On n’a pas demandé à Bertrand Grébaut pourquoi son nouveau restaurant portait le nom de Clamato. Mais en se rabattant sur l’origine du mot, on s’en sort pas mal. Initialement ce jus de fruit à base de jus de tomate portait le nom de Tomatoto. Et puis, avec un méchant ajout de bouillon de palourdes (clams en anglais), la chose a atteint le statut de Clamato, en Angleterre, mais aussi au Canada et aux Etats-Unis. La palourde est bien au menu.

On pense aussi à « climat » et dieu sait que Bertrand Grébaut s’y connaît en climatologie de restaurants. Après Septime et la Cave, il démontre une fois de plus qu’il ne tient pas à fournir des repas à des clients dans un resto sur-branché par ses fréquentations de stars, mais qu’il aime simplement accueillir des convives chez lui. Si l’on veut bien se pencher sur la simple idée qu’un chef n’est pas simplement un artiste assembleur mais que toute sa personne transpire dans le repas qu’il sert, il faut admettre que les couverts, le bois de la table, la chaise sur laquelle vous êtes assis et, last but not least, la lumière qui baigne vos assiettes sont aussi ses choix, l’émanation de l’environnement qu’il conçoit pour que l’on apprécie au mieux sa cuisine. À Clamato, l’affaire est entendue, le chef est aussi le chef décorateur, le cadreur, le chef op, bienvenue chez lui, bienvenue chez vous. Tout est simple et sophistiqué à la fois (la lumière), roots et confortable (le mobilier), tendre et doux (l’ambiance), le cocon qu’il faut pour déguster les shots de la carte.

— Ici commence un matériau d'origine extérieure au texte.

lemma induces_pit_lift_over_pendant_trees:
  fixes C :: "nat \<Rightarrow> 'a set"
  assumes mg: "multigraph G" and "x \<in> verts G" and "4 \<le> l" and inj: "inj_on C {1..l}"
    and "\<forall>j\<in>{1..l}. pendant_tree G x (C j)"
    and X': "X' \<subseteq> verts G - (\<Union>j\<in>{4..l}. C j)"
    and pit: "induces_pit G (verts G - (\<Union>j\<in>{4..l}. C j) - X')"
  shows "\<exists>X \<subseteq> verts G. card X \<le> card X' \<and> induces_pit G (verts G - X)"
proof -
  interpret all: pendant_trees G x "{1..l}" C
    using assms by unfold_locales auto
  interpret far: pendant_trees G x "{4..l}" C
    using assms by unfold_locales auto
  define U where "U = (\<Union>j\<in>{1..l}. C j)"
  define W where "W = verts G - (\<Union>j\<in>{4..l}. C j) - X'"
  consider (apex_tree) "\<forall>K\<in>components (induced G W). x \<in> K \<longrightarrow> is_tree (induced G K)"
    | (swap) "x \<notin> X'" "X' \<inter> U \<noteq> {}"
  proof (cases "x \<in> X' \<or> X' \<inter> U \<noteq> {}")
    case True
    then show thesis
      using that components_induced_subset unfolding W_def by blast
  next
    case False
    have "{1, 2, 3} \<subseteq> {1..l} - {4..l}"
      using \<open>4 \<le> l\<close> by auto
    then show thesis
      using all.apex_component_is_tree[OF inj pit, of 1 2 3] that(1) False
      unfolding W_def U_def by auto
  qed
  then show ?thesis
  proof cases
    case apex_tree
    have "induces_pit G (verts G - X')"
      using pit apex_tree X' unfolding W_def by (intro far.induces_pit_restore_pendants) blast+
    then show ?thesis
      using X' by blast
  next
    case swap
    \<comment> \<open>deleting x instead of the vertices of X' inside pendant trees detaches them all\<close>
    define X where "X = insert x (X' - U)"
    have "finite X'"
      by (rule finite_subset[OF X']) (use mg in \<open>simp add: multigraph_def\<close>)
    then have "card X \<le> card X'"
      unfolding X_def using swap(2) by (rule card_insert_Diff_le)
    have "U \<subseteq> verts G - {x}"
      unfolding U_def using all.pendant_subset by blast
    moreover have "(\<Union>j\<in>{4..l}. C j) \<subseteq> U"
      unfolding U_def by (intro UN_mono) auto
    ultimately have "X \<subseteq> verts G" "verts G - X = W - {x} \<union> U"
      using X' \<open>x \<in> verts G\<close> unfolding W_def X_def by blast+
    moreover have "induces_pit G (W - {x} \<union> U)"
      unfolding U_def using pit W_def by (intro all.induces_pit_swap_pendants_for_apex) auto
    ultimately show ?thesis
      using \<open>card X \<le> card X'\<close> by auto
  qed
qed

theorem lemma21:
  fixes G :: "'a mgraph" and k :: nat and x :: 'a and l :: nat and C :: "nat \<Rightarrow> 'a set"
  assumes "multigraph G"
    and "x \<in> verts G"
    and "l \<ge> 4"
    and "inj_on C {1..l}"
    and "\<forall>j\<in>{1..l}. pendant_tree G x (C j)"
    and "Z = (\<Union>j\<in>{4..l}. C j)"
  shows "pitvd_yes G k \<longleftrightarrow> pitvd_yes (delete G Z) k"
proof
  assume "pitvd_yes G k"
  then show "pitvd_yes (delete G Z) k"
    by (rule pitvd_yes_delete[OF assms(1)])
next
  assume "pitvd_yes (delete G Z) k"
  then obtain X' where X': "X' \<subseteq> verts G - Z" "card X' \<le> k" "induces_pit G (verts G - Z - X')"
    unfolding pitvd_yes_delete_iff by blast
  then obtain X where "X \<subseteq> verts G" "card X \<le> k" "induces_pit G (verts G - X)"
    using induces_pit_lift_over_pendant_trees[OF assms(1-5) X'(1,3)[unfolded assms(6)]] by force
  then show "pitvd_yes G k"
    unfolding pitvd_yes_iff by blast
qed

end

Tous les jours différente, celle-ci est également conçue pour partager des émotions en partageant ses plats. Et disons le d’emblée, elle n’est pas faite du tout pour ceux qui n’aiment pas la mer. Huitres, oursins, harengs, truites de Banka, haddocks, anguilles et St Jacques sont au cœur de cette cuisine qui tend essentiellement à valoriser la fraicheur de ces produits sans en gommer les aspérités. Comme souvent dans la cuisine de Bertrand Grébaut, on n’excède rarement les trois ingrédients et la sophistication du plat tient dans les équilibres toujours au cordeau. Les trios maigre de ligne / radis d’hiver / coriandre ; dorade marbrée / chou rave / noisette, ou moules / oignons confits / lime de Padoue répondent aux mêmes protocoles : trouver de la mâche avec du moelleux, de l’acidité pour faire face à du suave, bref, mettre en valeur les contrastes tout en laissant le produit au centre. Mais Clamato n’est pas que protocoles longuement éprouvés à Septime, c’est aussi de simples accras avec une sauce wankaïna (feta, crème, curry et cumin), des pétoncles avec un beurre d’herbes ou une tartelette au sirop d’érable avec une chantilly totalement adictive que votre grand-mère canadienne aurait pu faire pour votre goûter, à la maison. Ca tombe bien, vous y êtes.